My most pleasant memories of him are associated with food. He did business with various butchers and often brought home succulent roasts and steaks. Mutti scolded him: He was being too extravagant, and besides, we shouldn't eat so much meat. But I loved the rare roasts and thick veal chops and tender soup meat. Years later, when there was nothing to eat, I dreamt about those wonderful pieces of meat. His softest moments came on occasional nights before we went to bed, when he would drop off a piece of chocolate to Lilo and me as he said his "Gute Nacht."
Papa often escorted Mutti to the opera on Saturday evenings-he in a starched white shirt, black suit, and tie, and she in a beige evening gown. He so tall and strong. She so small and elegant. Mostly, he was distracted and aloof, and Mutti sometimes tried to excuse him. "He's worried about the business," she sometimes whispered in an aside when he was uncommunicative.

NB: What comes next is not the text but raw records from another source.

(* Let $\Gamma\Rightarrow\Delta$ be a saturated upper sequent of a branch $\mathcal{B}$ of a derivation in $\mathsf{CL}$ (with L$>^\star$ and Mon$\forall$) of a sequent $\Rightarrow x_0:A_0$. Then there exist a finite neighbourhood model $\mathcal{M}$ and a realization $(\rho,\sigma)$ of the labels of the branch such that $\mathcal{M}\vDash_{\rho,\sigma}\mathcal{F}$ for every $\mathcal{F}\in\downarrow\Gamma$ and $\mathcal{M}\nvDash_{\rho,\sigma}\mathcal{F}$ for every $\mathcal{F}\in\downarrow\Delta$.
   Context: Syntax: world labels, neighbourhood labels; relational atoms $a\in N(x)$, $x\in a$, $a\subseteq b$; labelled formulas: these, $x:A$, $a\Vdash^\exists A$, $a\Vdash^\forall A$, $x\Vdash_aA|B$, for $A,B\in\mathcal{L}::=p\mid\bot\mid A\wedge B\mid A\lor B\mid A\to B\mid A>B$. The calculus (premisses / conclusion; "fresh": label not in conclusion): initial sequents $x:p,\Gamma\Rightarrow\Delta,x:p$, $x:\bot,\Gamma\Rightarrow\Delta$; G3 rules for $\wedge,\vee,\to$; L$\forall$: $x:A,x\in a,a\Vdash^\forall A,\Gamma\Rightarrow\Delta$ / $x\in a,a\Vdash^\forall A,\Gamma\Rightarrow\Delta$; R$\forall$ (x fresh): $x\in a,\Gamma\Rightarrow\Delta,x:A$ / $\Gamma\Rightarrow\Delta,a\Vdash^\forall A$; L$\exists$ (x fresh): $x\in a,x:A,\Gamma\Rightarrow\Delta$ / $a\Vdash^\exists A,\Gamma\Rightarrow\Delta$; R$\exists$: $x\in a,\Gamma\Rightarrow\Delta,x:A,a\Vdash^\exists A$ / $x\in a,\Gamma\Rightarrow\Delta,a\Vdash^\exists A$; R$>$ (a fresh): $a\in N(x),a\Vdash^\exists A,\Gamma\Rightarrow\Delta,x\Vdash_aA|B$ / $\Gamma\Rightarrow\Delta,x:A>B$; L$>^\star$: $a\in N(x),x:A>B,\Gamma\Rightarrow\Delta,a\Vdash^\exists A$ and $a\Vdash^\exists A,x\Vdash_aA|B,a\in N(x),x:A>B,\Gamma\Rightarrow\Delta$ / $a\in N(x),x:A>B,\Gamma\Rightarrow\Delta$; R$|$: $c\in N(x),c\subseteq a,\Gamma\Rightarrow\Delta,x\Vdash_aA|B,c\Vdash^\exists A$ and $c\in N(x),c\subseteq a,\Gamma\Rightarrow\Delta,x\Vdash_aA|B,c\Vdash^\forall A\to B$ / $c\in N(x),c\subseteq a,\Gamma\Rightarrow\Delta,x\Vdash_aA|B$; L$|$ (c fresh): $c\in N(x),c\subseteq a,c\Vdash^\exists A,c\Vdash^\forall A\to B,\Gamma\Rightarrow\Delta$ / $x\Vdash_aA|B,\Gamma\Rightarrow\Delta$; Ref: $a\subseteq a,\Gamma\Rightarrow\Delta$ / $\Gamma\Rightarrow\Delta$; Tr: $c\subseteq a,c\subseteq b,b\subseteq a,\Gamma\Rightarrow\Delta$ / $c\subseteq b,b\subseteq a,\Gamma\Rightarrow\Delta$; L$\subseteq$: $x\in a,a\subseteq b,x\in b,\Gamma\Rightarrow\Delta$ / $x\in a,a\subseteq b,\Gamma\Rightarrow\Delta$; Mon$\forall$: $b\subseteq a,b\Vdash^\forall A,a\Vdash^\forall A,\Gamma\Rightarrow\Delta$ / $b\subseteq a,a\Vdash^\forall A,\Gamma\Rightarrow\Delta$. For a branch $S_0,\dots,S_k$ with $S_k=\Gamma\Rightarrow\Delta$, $\downarrow\Gamma$ ($\downarrow\Delta$) is the union of the antecedents (succedents) of $S_0,\dots,S_k$. Saturated means: no $x:p$ in $\Gamma\cap\Delta$, no $x:\bot$ in $\Gamma$, and: $x:A\wedge B\in\downarrow\Gamma\Rightarrow x:A,x:B\in\downarrow\Gamma$; $x:A\wedge B\in\downarrow\Delta\Rightarrow x:A$ or $x:B\in\downarrow\Delta$; $x:A\vee B\in\downarrow\Gamma\Rightarrow x:A$ or $x:B\in\downarrow\Gamma$; $x:A\vee B\in\downarrow\Delta\Rightarrow x:A,x:B\in\downarrow\Delta$; $x:A\to B\in\downarrow\Gamma\Rightarrow x:B\in\downarrow\Gamma$ or $x:A\in\downarrow\Delta$; $x:A\to B\in\Delta\Rightarrow x:A\in\downarrow\Gamma$ and $x:B\in\downarrow\Delta$; if $a$ occurs in $\Gamma\cup\Delta$ then $a\subseteq a\in\Gamma$; $a\subseteq b,b\subseteq c\in\Gamma\Rightarrow a\subseteq c\in\Gamma$; $x\in a,a\subseteq b\in\Gamma\Rightarrow x\in b\in\Gamma$; $x\in a,a\Vdash^\forall A\in\Gamma\Rightarrow x:A\in\downarrow\Gamma$; $a\Vdash^\forall A\in\downarrow\Delta\Rightarrow$ some $x$ with $x\in a\in\Gamma$, $x:A\in\downarrow\Delta$; $a\Vdash^\exists A\in\downarrow\Gamma\Rightarrow$ some $x$ with $x\in a\in\Gamma$, $x:A\in\downarrow\Gamma$; $x\in a\in\Gamma$, $a\Vdash^\exists A\in\Delta\Rightarrow x:A\in\downarrow\Delta$; $x:A>B\in\downarrow\Delta\Rightarrow$ some $a$ with $a\in N(x)\in\Gamma$, $a\Vdash^\exists A\in\downarrow\Gamma$, $x\Vdash_aA|B\in\Delta$; $a\in N(x),x:A>B\in\Gamma\Rightarrow a\Vdash^\exists A\in\downarrow\Delta$ or ($a\Vdash^\exists A,x\Vdash_aA|B\in\downarrow\Gamma$); $c\in N(x),c\subseteq a\in\Gamma$, $x\Vdash_aA|B\in\Delta\Rightarrow c\Vdash^\exists A\in\Delta$ or $c\Vdash^\forall A\to B\in\downarrow\Delta$; $x\Vdash_aA|B\in\downarrow\Gamma\Rightarrow$ some $c$ with $c\in N(x),c\subseteq a\in\Gamma$, $c\Vdash^\exists A\in\downarrow\Gamma$, $c\Vdash^\forall A\to B\in\Gamma$; $b\subseteq a,a\Vdash^\forall A\in\Gamma\Rightarrow b\Vdash^\forall A\in\Gamma$. Neighbourhood model $\langle W,N,\llbracket\cdot\rrbracket\rangle$: $W\neq\emptyset$, $N:W\to\mathcal{P}(\mathcal{P}(W))$, every $\alpha\in N(x)$ non-empty; $x\Vdash A>B$ iff every $\alpha\in N(x)$ containing an $A$-world has some $\beta\in N(x)$, $\beta\subseteq\alpha$, containing an $A$-world and with all worlds forcing $A\to B$. A realization $(\rho,\sigma)$ maps world labels to worlds and neighbourhood labels to sets of worlds; $\mathcal{M}\vDash_{\rho,\sigma}a\in N(x)$ iff $\sigma(a)\in N(\rho(x))$; $a\subseteq b$ iff $\sigma(a)\subseteq\sigma(b)$; $y\in a$ iff $\rho(y)\in\sigma(a)$; $x:A$ iff $\rho(x)\Vdash A$; $a\Vdash^\forall A$ iff all worlds of $\sigma(a)$ force $A$; $a\Vdash^\exists A$ iff some world of $\sigma(a)$ forces $A$; $x\Vdash_aA|B$ iff $\sigma(a)\in N(\rho(x))$ and some $\beta\subseteq\sigma(a)$ contains an $A$-world and all its worlds force $A\to B$. *)

theory Defs
  imports Main "HOL-Library.Multiset"
begin

type_synonym wlab = nat
type_synonym nlab = nat

datatype fm = Atom nat | Bot | Conj fm fm | Disj fm fm | Imp fm fm | Cond fm fm

datatype lf =
    NB nlab wlab              (* a \<in> N(x) *)
  | In wlab nlab              (* x \<in> a *)
  | Sub nlab nlab             (* a \<subseteq> b *)
  | L wlab fm                 (* x : A *)
  | Ex nlab fm                (* a \<Vdash>\<exists> A *)
  | All nlab fm               (* a \<Vdash>\<forall> A *)
  | Cp wlab nlab fm fm        (* x \<Vdash>_a A|B *)

fun wlabs_lf :: "lf \<Rightarrow> wlab set" where
  "wlabs_lf (NB a x) = {x}"
| "wlabs_lf (In x a) = {x}"
| "wlabs_lf (Sub a b) = {}"
| "wlabs_lf (L x A) = {x}"
| "wlabs_lf (Ex a A) = {}"
| "wlabs_lf (All a A) = {}"
| "wlabs_lf (Cp x a A B) = {x}"

fun nlabs_lf :: "lf \<Rightarrow> nlab set" where
  "nlabs_lf (NB a x) = {a}"
| "nlabs_lf (In x a) = {a}"
| "nlabs_lf (Sub a b) = {a, b}"
| "nlabs_lf (L x A) = {}"
| "nlabs_lf (Ex a A) = {a}"
| "nlabs_lf (All a A) = {a}"
| "nlabs_lf (Cp x a A B) = {a}"

type_synonym sequent = "lf multiset \<times> lf multiset"

definition wlabs_seq :: "sequent \<Rightarrow> wlab set" where
  "wlabs_seq S = (\<Union>F \<in> set_mset (fst S) \<union> set_mset (snd S). wlabs_lf F)"

definition nlabs_seq :: "sequent \<Rightarrow> nlab set" where
  "nlabs_seq S = (\<Union>F \<in> set_mset (fst S) \<union> set_mset (snd S). nlabs_lf F)"

inductive rule_inst :: "sequent list \<Rightarrow> sequent \<Rightarrow> bool" where
  LConj: "rule_inst [(add_mset (L x A) (add_mset (L x B) G), D)]
                    (add_mset (L x (Conj A B)) G, D)"
| RConj: "rule_inst [(G, add_mset (L x A) D), (G, add_mset (L x B) D)]
                    (G, add_mset (L x (Conj A B)) D)"
| LDisj: "rule_inst [(add_mset (L x A) G, D), (add_mset (L x B) G, D)]
                    (add_mset (L x (Disj A B)) G, D)"
| RDisj: "rule_inst [(G, add_mset (L x A) (add_mset (L x B) D))]
                    (G, add_mset (L x (Disj A B)) D)"
| LImp: "rule_inst [(G, add_mset (L x A) D), (add_mset (L x B) G, D)]
                   (add_mset (L x (Imp A B)) G, D)"
| RImp: "rule_inst [(add_mset (L x A) G, add_mset (L x B) D)]
                   (G, add_mset (L x (Imp A B)) D)"
| LAll: "rule_inst [(add_mset (L x A) (add_mset (In x a) (add_mset (All a A) G)), D)]
                   (add_mset (In x a) (add_mset (All a A) G), D)"
| RAll: "x \<notin> wlabs_seq (G, add_mset (All a A) D) \<Longrightarrow>
         rule_inst [(add_mset (In x a) G, add_mset (L x A) D)]
                   (G, add_mset (All a A) D)"
| LEx: "x \<notin> wlabs_seq (add_mset (Ex a A) G, D) \<Longrightarrow>
        rule_inst [(add_mset (In x a) (add_mset (L x A) G), D)]
                  (add_mset (Ex a A) G, D)"
| REx: "rule_inst [(add_mset (In x a) G, add_mset (L x A) (add_mset (Ex a A) D))]
                  (add_mset (In x a) G, add_mset (Ex a A) D)"
| RCond: "a \<notin> nlabs_seq (G, add_mset (L x (Cond A B)) D) \<Longrightarrow>
          rule_inst [(add_mset (NB a x) (add_mset (Ex a A) G), add_mset (Cp x a A B) D)]
                    (G, add_mset (L x (Cond A B)) D)"
| LCond: "rule_inst [(add_mset (NB a x) (add_mset (L x (Cond A B)) G), add_mset (Ex a A) D),
                     (add_mset (Ex a A) (add_mset (Cp x a A B) (add_mset (NB a x)
                        (add_mset (L x (Cond A B)) G))), D)]
                    (add_mset (NB a x) (add_mset (L x (Cond A B)) G), D)"
| RCp: "rule_inst [(add_mset (NB c x) (add_mset (Sub c a) G),
                      add_mset (Cp x a A B) (add_mset (Ex c A) D)),
                   (add_mset (NB c x) (add_mset (Sub c a) G),
                      add_mset (Cp x a A B) (add_mset (All c (Imp A B)) D))]
                  (add_mset (NB c x) (add_mset (Sub c a) G), add_mset (Cp x a A B) D)"
| LCp: "c \<notin> nlabs_seq (add_mset (Cp x a A B) G, D) \<Longrightarrow>
        rule_inst [(add_mset (NB c x) (add_mset (Sub c a) (add_mset (Ex c A)
                      (add_mset (All c (Imp A B)) G))), D)]
                  (add_mset (Cp x a A B) G, D)"
| Ref: "rule_inst [(add_mset (Sub a a) G, D)] (G, D)"
| Tr: "rule_inst [(add_mset (Sub c a) (add_mset (Sub c b) (add_mset (Sub b a) G)), D)]
                 (add_mset (Sub c b) (add_mset (Sub b a) G), D)"
| LSub: "rule_inst [(add_mset (In x a) (add_mset (Sub a b) (add_mset (In x b) G)), D)]
                   (add_mset (In x a) (add_mset (Sub a b) G), D)"
| MonAll: "rule_inst [(add_mset (Sub b a) (add_mset (All b A) (add_mset (All a A) G)), D)]
                     (add_mset (Sub b a) (add_mset (All a A) G), D)"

Yes, the business. Always the business. To be technically accurate, it wasn't necessarily the business, but Papa's incompetence in running the business that created no end of problems for us. Certainly when it was running right, the factory was very important for us. We lived in the nicest part of Darmstadt, a pleasant, small German city, about twenty-five kilometers south of Frankfurt. It had elegant apartment buildings, carefully maintained parks, and streetcars winding through. The city's most distinguishing feature was the "Lange Ludwig," a fifty-foot-tall, narrow, black statue topped by Ludwig, Grand Duke of Hessen, which dominated the city center. Now it strikes me as a permanent reminder of German arrogance.
We had a large, airy house, three stories tall, with many bedrooms. It was on Alicenplatz, a wide street with lots of trees and flowers. In those days, owning a home in the city was a sign of special wealth. My clearest memory of our home is the cherry wood-paneled library on the first floor with lots of books where my father liked to spend his little free time reading and smoking cigars. We even had a live-in housekeeper who kept the house spotless, did the shopping and cooking, and babysat Lilo and me.
Papa's father, Opa Hermann, who later bestowed cookies on Lilo and me, was a shrewd businessman who grew the business from nearly nothing in the late 1800s, when it was run by his wife's family. It was an animal fat rendering business, and I have no idea what drew him to such a dirty, disgusting business. But he built it into a thriving enterprise. The rendered fat was sold for use in things like shoe polish and soap. I visited the factory occasionally, beginning when I was six or seven years old. The low-lying white building sat right next to railroad tracks in a crowded industrial area. Though the area was only about three kilometers from our house, it looked to me to be an entirely different world - no trees and lots of dust and trucks and freight trains and uniformed workers.
There were about thirty employees, mostly women, who worked in blood-smeared white jackets, stirring huge vats of animal fat and packing containers for shipment. Most of the women were nice to me, and a few even gave me pieces of chocolate when I visited. But I hated the foul smells of the animal remains and the chemicals used to break them down, so when Mutti asked me if I wanted to accompany her on a visit I usually said no.
In 1932, when I was seven years old, Opa Hermann had his stroke and was unable to walk. After a few weeks, he was sent home from the hospital, partially paralyzed on one side of his body. He spent all his time sitting by his second-floor living-room window, watching the comings and goings of the neighborhood.